Ack. I renamed the branch to bugfix/15146-overlayfs-memory-erasure+force-all-tests.

> I’ve run features/erase_memory.feature and features/emergency_shutdown.feature 3 times on my local Jenkins, including fragile tests, from the bugfix/15146-overlayfs-memory-erasure branch at 7edfb08488cfc35c2a0493b6fce984a4914ec0f7. Each of these 3 runs had exactly one failing scenario:

The same scenario fails on (our shared) Jenkins. I suspect that’s because, according to a comment in the file, config/chroot_local-includes/lib/systemd/system-shutdown/tails is not run " by the other instance of systemd-shutdown that’s run (as /shutdown) after returning to the initramfs during shutdown". I don’t really understand what that means though (I don’t know anything about two instances of systemd-shutdown, and why deleting files on a filesystem in one of those instances wouldn’t delete them for the other instance). Anyway, since it did work in most cases with tails-remove-overlayfs-dirs.service, I’m now trying to use that again, but also locking it in memory via /etc/memlockd.cfg.

#44 Updated by intrigeri 2020-03-07 18:12:29

> I suspect that’s because, according to a comment in the file, config/chroot_local-includes/lib/systemd/system-shutdown/tails is not run " by the other instance of systemd-shutdown that’s run (as /shutdown) after returning to the initramfs during shutdown". I don’t really understand what that means though (I don’t know anything about two instances of systemd-shutdown, and why deleting files on a filesystem in one of those instances wouldn’t delete them for the other instance).

I see that both https://tails.boum.org/contribute/design/memory_erasure/ is a bit lacking in this respect: it does not say what systemd itself does, hence your confusion, I think.

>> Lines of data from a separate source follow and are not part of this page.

text \<open>Call \<open>M = [[A, A+I], [A-I, A]]\<close> the doubled matrix of \<open>A\<close> and let \<open>S \<subseteq> {0..<2n}\<close>.
  Call \<open>a < n\<close> paired if both \<open>a\<close> and \<open>a + n\<close> lie in \<open>S\<close>, and unpaired if exactly one of
  them does. Listing \<open>S\<close> as the paired indices, their shifts by \<open>n\<close>, and then the unpaired
  ones, the principal submatrix \<open>M[S,S]\<close> takes the block form
  \<open>[[X, X+I, Y], [X-I, X, Y], [Z, Z, W]]\<close>, where \<open>W\<close> is the principal submatrix of \<open>A\<close> on
  the unpaired indices. Block elimination with \<open>F = [Z, -Z]\<close> (note
  \<open>F [[X, X+I], [X-I, X]] = [Z, Z]\<close> and \<open>F [Y; Y] = 0\<close>) shows that its determinant is \<open>det W\<close>
  times the determinant of the doubled matrix of \<open>X\<close>, which is \<open>det (X * X - (X+I) * (X-I)) = 1\<close>.
  So every principal minor of \<open>M\<close> is either a principal minor of \<open>A\<close> or, if there are no
  unpaired indices, equal to 1.\<close>

lemma bij_betw_pick:
  assumes "finite S"
  shows "bij_betw (pick S) {0..<card S} S"
proof (rule bij_betwI')
  fix x y assume "x \<in> {0..<card S}" "y \<in> {0..<card S}"
  then show "pick S x = pick S y \<longleftrightarrow> x = y" using card_pick_le by (metis atLeastLessThan_iff)
next
  fix x assume "x \<in> {0..<card S}"
  then show "pick S x \<in> S" using pick_in_set_le by auto
next
  fix y assume y: "y \<in> S"
  then have "card {a \<in> S. a < y} < card S"
    using assms by (intro psubset_card_mono) auto
  then show "\<exists>x\<in>{0..<card S}. y = pick S x" using pick_card_in_set[OF y] by force
qed

lemma bij_betw_piecewise_index:
  fixes a b :: nat
  assumes f: "bij_betw f {0..<a} U" and g: "bij_betw g {0..<b} V" and "U \<inter> V = {}"
  shows "bij_betw (\<lambda>i. if i < a then f i else g (i - a)) {0..<a + b} (U \<union> V)"
proof -
  have "bij_betw (\<lambda>i. i - a) {a..<a + b} {0..<b}"
    by (rule bij_betw_byWitness[where f' = "\<lambda>i. i + a"]) auto
  then have "bij_betw (\<lambda>i. g (i - a)) {a..<a + b} V"
    using bij_betw_trans[OF _ g] by (simp add: comp_def)
  then have "bij_betw (\<lambda>i. if i < a then f i else g (i - a)) {a..<a + b} V"
    by (rule bij_betw_cong[THEN iffD1, rotated]) auto
  moreover have "bij_betw (\<lambda>i. if i < a then f i else g (i - a)) {0..<a} U"
    using f by (rule bij_betw_cong[THEN iffD1, rotated]) auto
  ultimately have "bij_betw (\<lambda>i. if i < a then f i else g (i - a)) ({0..<a} \<union> {a..<a + b}) (U \<union> V)"
    using \<open>U \<inter> V = {}\<close> by (intro bij_betw_combine) auto
  moreover have "{0..<a} \<union> {a..<a + b} = {0..<a + b}" by auto
  ultimately show ?thesis by simp
qed

lemma det_permute_rows_and_cols:
  fixes C :: "'a :: comm_ring_1 mat"
  assumes C: "C \<in> carrier_mat k k" and p: "p permutes {0..<k}"
  shows "det (mat k k (\<lambda>(i, j). C $$ (p i, p j))) = det C"
proof -
  define D where "D = mat k k (\<lambda>(i, j). C $$ (i, p j))"
  have D: "D \<in> carrier_mat k k" unfolding D_def by auto
  have p_lt: "i < k \<Longrightarrow> p i < k" for i using p permutes_in_image by fastforce
  have "det D = det (transpose_mat D)" using det_transpose[OF D] by simp
  also have "transpose_mat D = mat k k (\<lambda>(i, j). transpose_mat C $$ (p i, j))"
    using C by (intro eq_matI) (auto simp: D_def p_lt)
  also have "det \<dots> = signof p * det C"
    using det_permute_rows[OF transpose_carrier_mat[THEN iffD2, OF C] p] det_transpose[OF C] by simp
  finally have "det D = signof p * det C" .
  moreover have "mat k k (\<lambda>(i, j). C $$ (p i, p j)) = mat k k (\<lambda>(i, j). D $$ (p i, j))"
    by (intro eq_matI) (auto simp: D_def p_lt)
  ultimately have "det (mat k k (\<lambda>(i, j). C $$ (p i, p j))) = (signof p * signof p) * det C"
    using det_permute_rows[OF D p] by simp
  also have "signof p * signof p = (1 :: 'a)"
    by (metis sign_idempotent of_int_1 of_int_mult)
  finally show ?thesis by simp
qed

The missing info is in https://www.freedesktop.org/wiki/Software/systemd/InitrdInterface/, in the “If the executable /run/initramfs/shutdown exists systemd will use it to jump back into the initrd on shutdown” bullet point. For the details, when I (re-re-)implemented this feature, I had to read the systemd source code.

One important thing, IIRC, is that “jump back into the initrd” is done via the equivalent of chroot.

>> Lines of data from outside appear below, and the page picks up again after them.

definition is_law :: "('p, 'a) fm \<Rightarrow> bool" where
  "is_law f = (is_static f \<or> (\<exists>a. is_effect a f) \<or> (\<exists>a. is_exec a f))"

definition action_theory :: "('p, 'a) fm set \<Rightarrow> bool" where
  "action_theory \<Theta> = (finite \<Theta> \<and> (\<forall>f\<in>\<Theta>. is_law f))"

definition Stat :: "('p, 'a) fm set \<Rightarrow> ('p, 'a) fm set" where
  "Stat \<Theta> = {f\<in>\<Theta>. is_static f}"

definition Eff :: "'a \<Rightarrow> ('p, 'a) fm set \<Rightarrow> ('p, 'a) fm set" where
  "Eff a \<Theta> = {f\<in>\<Theta>. is_effect a f}"

definition Exe :: "'a \<Rightarrow> ('p, 'a) fm set \<Rightarrow> ('p, 'a) fm set" where
  "Exe a \<Theta> = {f\<in>\<Theta>. is_exec a f}"

definition modular :: "('p, 'a) fm set \<Rightarrow> bool" where
  "modular \<Theta> = (\<forall>\<phi>. is_bool \<phi> \<longrightarrow> pdl_ent \<Theta> \<phi> \<longrightarrow> cpl_ent (Stat \<Theta>) \<phi>)"

text \<open>A term is a consistent set of literals (finite, as the set of atoms is finite).\<close>
definition is_term :: "'p lit set \<Rightarrow> bool" where
  "is_term t = (finite t \<and> (\<forall>p. \<not> ((p, True) \<in> t \<and> (p, False) \<in> t)))"

definition implies_c :: "('p, 'a) fm \<Rightarrow> ('p, 'a) fm \<Rightarrow> bool" where
  "implies_c f g = cpl_ent {f} g"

> Anyway, since it did work in most cases with tails-remove-overlayfs-dirs.service, I’m now trying to use that again, but also locking it in memory via /etc/memlockd.cfg.

OK!

#45 Updated by segfault 2020-03-07 22:54:41

>> Anyway, since it did work in most cases with tails-remove-overlayfs-dirs.service, I’m now trying to use that again, but also locking it in memory via /etc/memlockd.cfg.
>
> OK!

The memory erasure tests passed on Jenkins, so it would be nice if you could test that branch on your local Jenkins.

#46 Updated by intrigeri 2020-03-08 06:57:13

> The memory erasure tests passed on Jenkins,

Good news :)

> so it would be nice if you could test that branch on your local Jenkins.

Sure, I’m on it!

Nitpicking: my understanding is that using the + prefix for /lib/systemd/system/tails-remove-overlayfs-dirs.service in memlockd.cfg is not useful/necessary here; IMO it can be a little confusing, letting the reader believe that memlockd will be clever enough to lock all dependencies of the service in memory, which AAUI is not the case.

#47 Updated by segfault 2020-03-08 08:38:36

> Nitpicking: my understanding is that using the + prefix for /lib/systemd/system/tails-remove-overlayfs-dirs.service in memlockd.cfg is not useful/necessary here; IMO it can be a little confusing, letting the reader believe that memlockd will be clever enough to lock all dependencies of the service in memory, which AAUI is not the case.

Right. I pushed a fixup commit.

#48 Updated by intrigeri 2020-03-08 09:10:23

>> so it would be nice if you could test that branch on your local Jenkins.
>
> Sure, I’m on it!

I’ll report more complete stress-testing results later, but I can tell you that I’ve already seen “Scenario: Tails erases memory on DVD boot medium removal: overlayfs read-write branch” fail here. I’m attaching the corresponding screenshot and video, in the hope it might help understand what’s going on.

I now have a big doubt wrt. the tails-remove-overlayfs-dirs.service -based implementation: config/chroot_local-includes/usr/local/lib/udev-watchdog-wrapper runs systemctl --force poweroff, i.e. “shutdown of all running services is skipped”. So, if I understand this correctly, we cannot count on the ExecStop= command of tails-remove-overlayfs-dirs.service being run during emergency shutdown. This would explain why, in some cases, this service does not do its job on shutdown. But this does not explain why the overlayfs read-write branch is cleaned up most of the time, so perhaps I’m totally confused.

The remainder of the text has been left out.